# Installing a Fan in a Recessed Light Fixture



## MMP (Jun 26, 2009)

Can I install a ceiling fan in a recessed light fixture. I have a two story house, so installing from above is not an option. I've installed ceiling fans before, but have never dealt with pot light fixtures. The recessed/pot lights are newly installed as part of a remodel, but I'd like to change one to a ceiling fan fixture.


----------



## Jim Port (Sep 21, 2007)

The recessed housing is not rated to support a ceiling fan. You could however removed the recessed housing and install a bracket rated for ceiling fan support.


----------



## adpanko (Jun 18, 2009)

Agreed. I don't believe there is any recessed light that would also be designed to be used as a traditional fan/light junction box. You have to take out the recessed can, and put in an appropriately rated fan ceiling box. Some boxes bolt directly into a joist, others are secured to a metal brace that spans between the two joists. But I'm comfortable saying with 99+% certainty that you can't put a fan on an existing recess light


----------



## 220/221 (Oct 9, 2007)

A) Remove the can, install some blocking between the joists, run the can wire to the fan JB, patch the hole and hang the fan.

B) install the fan JB on a joist close to the can, run a cable to the can JBox and leave the can in place.

C) install the fan JB on a joist close to the can, relocate the can cable to the fan JBox, remove the can and patch the hole.


----------



## J. V. (Jun 1, 2007)

Just take out the light and use a fan rated box in it's place. Supporting this box is critical. I usually just use a 2x4 above the fan box and screw the box to the 2x4. Use same cable for fan as for light.


----------



## MMP (Jun 26, 2009)

*Thank for all the help!*

I had a feeling it would not be too terrible difficult. I'll take out the fixture and see what I am dealing with. The remodeler electrician wants $250 to remake the hole as celing fan compatible. I am pretty handy and didn't think this price was worth it.


----------



## J. V. (Jun 1, 2007)

MMP said:


> I had a feeling it would not be too terrible difficult. I'll take out the fixture and see what I am dealing with. The remodeler electrician wants $250 to remake the hole as celing fan compatible. I am pretty handy and didn't think this price was worth it.

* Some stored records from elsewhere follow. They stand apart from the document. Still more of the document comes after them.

(* Let $\mathcal{G}$ be a $2$-$(n,b,k,r,\lambda)$ design. Then \[ \frac{n\lambda}{k}\leq e(\mathcal{G})\leq\frac{(n-1)\lambda}{k-1}. \] Moreover, if $\mathcal{G}$ is a symmetric design, then $e(\mathcal{G})=k=r$.
   Context: A $2$-$(n,b,k,r,\lambda)$ design is regarded as a $k$-uniform $r$-regular hypergraph $\mathcal{G}$ on $n$ vertices with $b$ edges (edges are $k$-element vertex subsets) such that every pair of distinct vertices lies in exactly $\lambda$ common edges. It is symmetric if $n=b$. For a proper nonempty $S\subset V(\mathcal{G})$ with $\overline{S}=V(\mathcal{G})\setminus S$, $E(S,\overline{S})$ is the set of edges containing vertices of both $S$ and $\overline{S}$; the edge connectivity $e(\mathcal{G})$ is the minimum of $|E(S,\overline{S})|$ over all proper nonempty $S$. *)

theory Defs
  imports Main "HOL.Real"
begin

definition design2 :: "'a set \<Rightarrow> 'a set set \<Rightarrow> nat \<Rightarrow> nat \<Rightarrow> nat \<Rightarrow> nat \<Rightarrow> nat \<Rightarrow> bool" where
  "design2 V E n b k r lam \<longleftrightarrow>
     finite V \<and> card V = n \<and> E \<subseteq> Pow V \<and> finite E \<and> card E = b \<and>
     (\<forall>e\<in>E. card e = k) \<and>
     (\<forall>v\<in>V. card {e\<in>E. v \<in> e} = r) \<and>
     (\<forall>x\<in>V. \<forall>y\<in>V. x \<noteq> y \<longrightarrow> card {e\<in>E. x \<in> e \<and> y \<in> e} = lam)"

definition cut_edges :: "'a set \<Rightarrow> 'a set set \<Rightarrow> 'a set \<Rightarrow> 'a set set" where
  "cut_edges V E S = {e\<in>E. e \<inter> S \<noteq> {} \<and> e \<inter> (V - S) \<noteq> {}}"

definition edge_conn :: "'a set \<Rightarrow> 'a set set \<Rightarrow> nat" where
  "edge_conn V E = Min {card (cut_edges V E S) | S. S \<subset> V \<and> S \<noteq> {}}"

end

theory Submission
  imports Defs
begin

text \<open>Count the pairs (x, y) with x \<in> S, y \<in> V - S and a common edge in two ways: edgewise
  every cut edge e contributes |e \<inter> S| |e - S| \<le> k |S| |V - S| / n pairs, while pairwise
  every pair contributes \<lambda>. This gives n \<lambda> \<le> k |E(S, V - S)|. The upper bound is attained
  by a single vertex, whose cut consists of its r edges, and r (k - 1) = \<lambda> (n - 1).
  For a symmetric design b k = n r forces k = r, and k - 1 < n \<lambda> / k rules out a smaller cut.\<close>

lemma card_filter_eq_sum: "finite A \<Longrightarrow> card {x\<in>A. P x} = (\<Sum>x\<in>A. if P x then 1 else 0)"
  by (simp add: sum.If_cases Int_def)

lemma design2_pair_count:
  assumes d: "design2 V E n b k r lam" and S: "S \<subseteq> V"
  shows "(\<Sum>e\<in>E. card (e \<inter> S) * card (e - S)) = lam * (card S * card (V - S))"
proof -
  have fV: "finite V" and EV: "E \<subseteq> Pow V" and fE: "finite E"
    and pairs: "\<And>x y. x \<in> V \<Longrightarrow> y \<in> V \<Longrightarrow> x \<noteq> y \<Longrightarrow> card {e\<in>E. x \<in> e \<and> y \<in> e} = lam"
    using d unfolding design2_def by auto
  let ?P = "S \<times> (V - S)"
  let ?inc = "\<lambda>e p. if fst p \<in> e \<and> snd p \<in> e then 1 else 0 :: nat"
  have fP: "finite ?P" using S fV finite_subset by blast
  have "(\<Sum>e\<in>E. card (e \<inter> S) * card (e - S)) = (\<Sum>e\<in>E. \<Sum>p\<in>?P. ?inc e p)"
  proof (rule sum.cong[OF refl])
    fix e assume "e \<in> E"
    then have "(e \<inter> S) \<times> (e - S) = {p\<in>?P. fst p \<in> e \<and> snd p \<in> e}"
      using EV by auto
    then have "card (e \<inter> S) * card (e - S) = card {p\<in>?P. fst p \<in> e \<and> snd p \<in> e}"
      by (metis card_cartesian_product)
    then show "card (e \<inter> S) * card (e - S) = (\<Sum>p\<in>?P. ?inc e p)"
      by (simp add: card_filter_eq_sum[OF fP])
  qed
  also have "\<dots> = (\<Sum>p\<in>?P. \<Sum>e\<in>E. ?inc e p)"
    by (rule sum.swap)
  also have "\<dots> = (\<Sum>p\<in>?P. lam)"
  proof (rule sum.cong[OF refl])
    fix p assume "p \<in> ?P"
    then have "card {e\<in>E. fst p \<in> e \<and> snd p \<in> e} = lam"
      using S by (intro pairs) auto
    then show "(\<Sum>e\<in>E. ?inc e p) = lam"
      by (simp add: card_filter_eq_sum[OF fE])
  qed
  finally show ?thesis
    by (simp add: card_cartesian_product)
qed

text \<open>The edgewise estimate: with a + c = k, a \<le> s, c \<le> t, s + t = n one has n a c \<le> k s t.\<close>

lemma mult_le_add_mult_add: "(a + c + p + q) * (a * c) \<le> (a + c) * ((a + p) * (c + q))"
  for a c p q :: nat
  by (simp add: algebra_simps)

lemma design2_card_cut_edges_ge:
  assumes d: "design2 V E n b k r lam" and S: "S \<subset> V" "S \<noteq> {}"
  shows "n * lam \<le> card (cut_edges V E S) * k"
proof -
  have fV: "finite V" and EV: "E \<subseteq> Pow V" and fE: "finite E" and cV: "card V = n"
    and ck: "\<And>e. e \<in> E \<Longrightarrow> card e = k"
    using d unfolding design2_def by auto
  define s where "s = card S"
  define t where "t = card (V - S)"
  define C where "C = cut_edges V E S"
  have fS: "finite S" using S fV finite_subset by blast
  have "t = n - s" "s \<le> n"
    unfolding s_def t_def cV[symmetric] using S fS fV by (auto simp: card_Diff_subset card_mono)
  then have n_eq: "n = s + t" by simp
  have st_pos: "s * t > 0"
    using S fS fV unfolding s_def t_def by (auto simp: card_gt_0_iff)
  have CE: "C \<subseteq> E" unfolding C_def cut_edges_def by auto
  have "(\<Sum>e\<in>E. card (e \<inter> S) * card (e - S)) = (\<Sum>e\<in>C. card (e \<inter> S) * card (e - S))"
  proof (rule sum.mono_neutral_right[OF fE CE], intro ballI)
    fix e assume "e \<in> E - C"
    then have "e \<inter> S = {} \<or> e - S = {}" using EV unfolding C_def cut_edges_def by auto
    then show "card (e \<inter> S) * card (e - S) = 0" by (metis card.empty mult_0 mult_0_right)
  qed
  then have "n * (lam * (s * t)) = (\<Sum>e\<in>C. n * (card (e \<inter> S) * card (e - S)))"
    using design2_pair_count[OF d] S unfolding s_def t_def by (simp add: sum_distrib_left)
  also have "\<dots> \<le> (\<Sum>e\<in>C. k * (s * t))"
  proof (rule sum_mono)
    fix e assume "e \<in> C"
    then have eE: "e \<in> E" and eV: "e \<subseteq> V" using CE EV by auto
    define a where "a = card (e \<inter> S)"
    define c where "c = card (e - S)"
    have "finite e" using eV fV finite_subset by blast
    then have k_eq: "k = a + c"
      unfolding a_def c_def ck[OF eE, symmetric] by (rule card_Int_Diff)
    have "a \<le> s" unfolding a_def s_def using fS by (simp add: card_mono)
    then obtain p where p: "s = a + p" using le_Suc_ex by blast
    have "c \<le> t" unfolding c_def t_def using fV eV by (intro card_mono) auto
    then obtain q where q: "t = c + q" using le_Suc_ex by blast
    have "n * (a * c) \<le> k * (s * t)"
      using mult_le_add_mult_add[of a c p q] by (simp add: n_eq k_eq p q ac_simps)
    then show "n * (card (e \<inter> S) * card (e - S)) \<le> k * (s * t)"
      unfolding a_def c_def .
  qed
  finally have "(n * lam) * (s * t) \<le> (card C * k) * (s * t)"
    by (simp add: ac_simps)
  then show ?thesis using st_pos unfolding C_def by simp
qed

lemma design2_card_cut_edges_singleton:
  assumes d: "design2 V E n b k r lam" and v: "v \<in> V" and k: "k \<ge> 2"
  shows "card (cut_edges V E {v}) = r"
proof -
  have EV: "E \<subseteq> Pow V" and ck: "\<And>e. e \<in> E \<Longrightarrow> card e = k"
    and "card {e\<in>E. v \<in> e} = r"
    using d v unfolding design2_def by auto
  moreover have "cut_edges V E {v} = {e\<in>E. v \<in> e}"
  proof (intro set_eqI iffI)
    fix e assume e: "e \<in> {e\<in>E. v \<in> e}"
    then have "e \<noteq> {v}" using ck k by fastforce
    then show "e \<in> cut_edges V E {v}" unfolding cut_edges_def using e EV by auto
  qed (auto simp: cut_edges_def)
  ultimately show ?thesis by simp
qed

lemma design2_block_size_ge_2:
  assumes d: "design2 V E n b k r lam" and "n \<ge> 2" and "lam \<ge> 1"
  shows "k \<ge> 2"
proof -
  have fV: "finite V" and EV: "E \<subseteq> Pow V" and cV: "card V = n"
    and ck: "\<And>e. e \<in> E \<Longrightarrow> card e = k"
    and pairs: "\<And>x y. x \<in> V \<Longrightarrow> y \<in> V \<Longrightarrow> x \<noteq> y \<Longrightarrow> card {e\<in>E. x \<in> e \<and> y \<in> e} = lam"
    using d unfolding design2_def by auto
  obtain x where x: "x \<in> V"
    using \<open>n \<ge> 2\<close> cV by fastforce
  moreover have "card (V - {x}) \<noteq> 0"
    using x fV cV \<open>n \<ge> 2\<close> by simp
  then obtain y where "y \<in> V - {x}"
    by (metis card.empty ex_in_conv)
  ultimately have xy: "x \<in> V" "y \<in> V" "x \<noteq> y" by auto
  then have "card {e\<in>E. x \<in> e \<and> y \<in> e} \<noteq> 0"
    using pairs \<open>lam \<ge> 1\<close> by simp
  then have "{e\<in>E. x \<in> e \<and> y \<in> e} \<noteq> {}"
    by (metis card.empty)
  then obtain e where e: "e \<in> E" "x \<in> e" "y \<in> e" by blast
  then have "card {x, y} \<le> card e"
    using EV fV by (intro card_mono) (auto intro: finite_subset)
  then show ?thesis using ck[OF e(1)] xy by simp
qed

lemma design2_replication_eq:
  assumes d: "design2 V E n b k r lam" and x: "x \<in> V"
  shows "r * (k - 1) = lam * (n - 1)"
proof -
  have fV: "finite V" and EV: "E \<subseteq> Pow V" and fE: "finite E" and cV: "card V = n"
    and ck: "\<And>e. e \<in> E \<Longrightarrow> card e = k" and cr: "card {e\<in>E. x \<in> e} = r"
    using d x unfolding design2_def by auto
  have "(\<Sum>e\<in>E. card (e \<inter> {x}) * card (e - {x})) = (\<Sum>e\<in>E. if x \<in> e then k - 1 else 0)"
  proof (rule sum.cong[OF refl])
    fix e assume e: "e \<in> E"
    then have "finite e" using EV fV finite_subset by blast
    then show "card (e \<inter> {x}) * card (e - {x}) = (if x \<in> e then k - 1 else 0)"
      using ck[OF e] by auto
  qed
  also have "\<dots> = r * (k - 1)"
    unfolding cr[symmetric] by (simp add: sum.If_cases[OF fE] Int_def)
  finally show ?thesis
    using design2_pair_count[OF d, of "{x}"] x cV fV by simp
qed

lemma design2_block_count_eq:
  assumes d: "design2 V E n b k r lam"
  shows "b * k = n * r"
proof -
  have fV: "finite V" and EV: "E \<subseteq> Pow V" and fE: "finite E" and cV: "card V = n"
    and cE: "card E = b" and ck: "\<And>e. e \<in> E \<Longrightarrow> card e = k"
    and cr: "\<And>v. v \<in> V \<Longrightarrow> card {e\<in>E. v \<in> e} = r"
    using d unfolding design2_def by auto
  have "b * k = (\<Sum>e\<in>E. card e)" using ck cE by simp
  also have "\<dots> = (\<Sum>e\<in>E. \<Sum>v\<in>V. if v \<in> e then 1 else 0)"
  proof (rule sum.cong[OF refl])
    fix e assume "e \<in> E"
    then have "e = {v\<in>V. v \<in> e}" using EV by auto
    then show "card e = (\<Sum>v\<in>V. if v \<in> e then 1 else 0)"
      by (metis card_filter_eq_sum[OF fV])
  qed
  also have "\<dots> = (\<Sum>v\<in>V. \<Sum>e\<in>E. if v \<in> e then 1 else 0)"
    by (rule sum.swap)
  also have "\<dots> = (\<Sum>v\<in>V. r)"
    using cr by (simp add: card_filter_eq_sum[OF fE, symmetric])
  finally show ?thesis using cV by simp
qed

lemma finite_cut_sizes:
  "finite E \<Longrightarrow> finite {card (cut_edges V E S) | S. S \<subset> V \<and> S \<noteq> {}}"
  by (rule finite_subset[of _ "{..card E}"]) (auto simp: cut_edges_def intro!: card_mono)

lemma edge_conn_le_card_cut_edges:
  assumes "finite E" and "S \<subset> V" and "S \<noteq> {}"
  shows "edge_conn V E \<le> card (cut_edges V E S)"
  unfolding edge_conn_def using assms by (intro Min_le finite_cut_sizes) auto

lemma edge_conn_attained:
  assumes "finite E" and "S \<subset> V" and "S \<noteq> {}"
  obtains T where "T \<subset> V" "T \<noteq> {}" "edge_conn V E = card (cut_edges V E T)"
proof -
  have "edge_conn V E \<in> {card (cut_edges V E S) | S. S \<subset> V \<and> S \<noteq> {}}"
    unfolding edge_conn_def using assms by (intro Min_in finite_cut_sizes) auto
  then show ?thesis using that by blast
qed

lemma design2_singleton_psubset:
  assumes "design2 V E n b k r lam" and "n \<ge> 2"
  obtains x where "x \<in> V" "{x} \<subset> V"
proof -
  have cV: "card V = n" using assms(1) unfolding design2_def by auto
  obtain x where x: "x \<in> V"
    using \<open>n \<ge> 2\<close> cV by fastforce
  moreover have "{x} \<noteq> V"
    using \<open>n \<ge> 2\<close> cV by auto
  ultimately show ?thesis using that by blast
qed

lemma design2_edge_conn_ge:
  assumes d: "design2 V E n b k r lam" and "n \<ge> 2"
  shows "n * lam \<le> edge_conn V E * k"
proof -
  obtain x where x: "{x} \<subset> V"
    using design2_singleton_psubset[OF d \<open>n \<ge> 2\<close>] .
  have "finite E" using d unfolding design2_def by auto
  then obtain S where "S \<subset> V" "S \<noteq> {}" "edge_conn V E = card (cut_edges V E S)"
    using x by (rule edge_conn_attained) simp
  then show ?thesis using design2_card_cut_edges_ge[OF d] by simp
qed

lemma design2_edge_conn_le_replication:
  assumes d: "design2 V E n b k r lam" and "n \<ge> 2" and "lam \<ge> 1"
  shows "edge_conn V E \<le> r"
proof -
  obtain x where x: "x \<in> V" "{x} \<subset> V"
    using design2_singleton_psubset[OF d \<open>n \<ge> 2\<close>] .
  have "finite E" using d unfolding design2_def by auto
  then have "edge_conn V E \<le> card (cut_edges V E {x})"
    by (rule edge_conn_le_card_cut_edges) (use x in auto)
  also have "\<dots> = r"
    using design2_card_cut_edges_singleton[OF d x(1) design2_block_size_ge_2[OF assms]] .
  finally show ?thesis .
qed

theorem theorem3p9:
  fixes V :: "'a set" and E :: "'a set set" and n b k r lam :: nat
  assumes "design2 V E n b k r lam"
    and "n \<ge> 2"
    and "lam \<ge> 1"
  shows "real n * real lam / real k \<le> real (edge_conn V E)
       \<and> real (edge_conn V E) \<le> (real n - 1) * real lam / (real k - 1)
       \<and> (n = b \<longrightarrow> edge_conn V E = k \<and> k = r)"
proof -
  note d = assms(1)
  have k: "k \<ge> 2" using design2_block_size_ge_2 assms .
  have low: "n * lam \<le> edge_conn V E * k" using design2_edge_conn_ge[OF d assms(2)] .
  have le_r: "edge_conn V E \<le> r" using design2_edge_conn_le_replication assms .
  obtain x where "x \<in> V" using design2_singleton_psubset[OF d assms(2)] .
  then have rk: "r * (k - 1) = lam * (n - 1)" using design2_replication_eq[OF d] by blast
  then have "real (r * (k - 1)) = real (lam * (n - 1))"
    by (simp only:)
  then have "real r * (real k - 1) = real lam * (real n - 1)"
    using k assms(2) by (simp add: of_nat_diff)
  then have r_eq: "real r = (real n - 1) * real lam / (real k - 1)"
    using k by (simp add: field_simps)
  have "n = b \<Longrightarrow> edge_conn V E = k \<and> k = r"
  proof -
    assume "n = b"
    then have kr: "k = r" using design2_block_count_eq[OF d] assms(2) by simp
    have "(k - 1) * k < n * lam"
      using rk kr assms(2,3) by (simp add: mult.commute)
    then have "(k - 1) * k < edge_conn V E * k"
      using low by linarith
    then show ?thesis using k le_r kr by simp
  qed
  moreover have "real n * real lam / real k \<le> real (edge_conn V E)"
    using low k by (simp add: divide_le_eq flip: of_nat_mult)
  moreover have "real (edge_conn V E) \<le> (real n - 1) * real lam / (real k - 1)"
    unfolding r_eq[symmetric] using le_r by simp
  ultimately show ?thesis by blast
qed

end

The have a product designed to cover the large hole. It's used for ceiling fans and any other ceiling fixture where the hardware is not large enough in diameter to cover the hole. Someone here can give you a link or show you a picture. You will not need to repair any drywall or ceiling materials if you use this product.
Cheap too.


----------



## gthomas785 (Mar 22, 2021)

A 2x4 between joists is plenty to support a ceiling fan.


----------



## joed (Mar 13, 2005)

12 year old thread. I think it's fixed by now.


----------



## gthomas785 (Mar 22, 2021)

joed said:


> 12 year old thread. I think it's fixed by now.


Whoops my bad


----------



## DIYerLI (10 mo ago)

What about The Can Conversion R56 conversion kit? Anyone have opinions using that with recessed lighting cans?


----------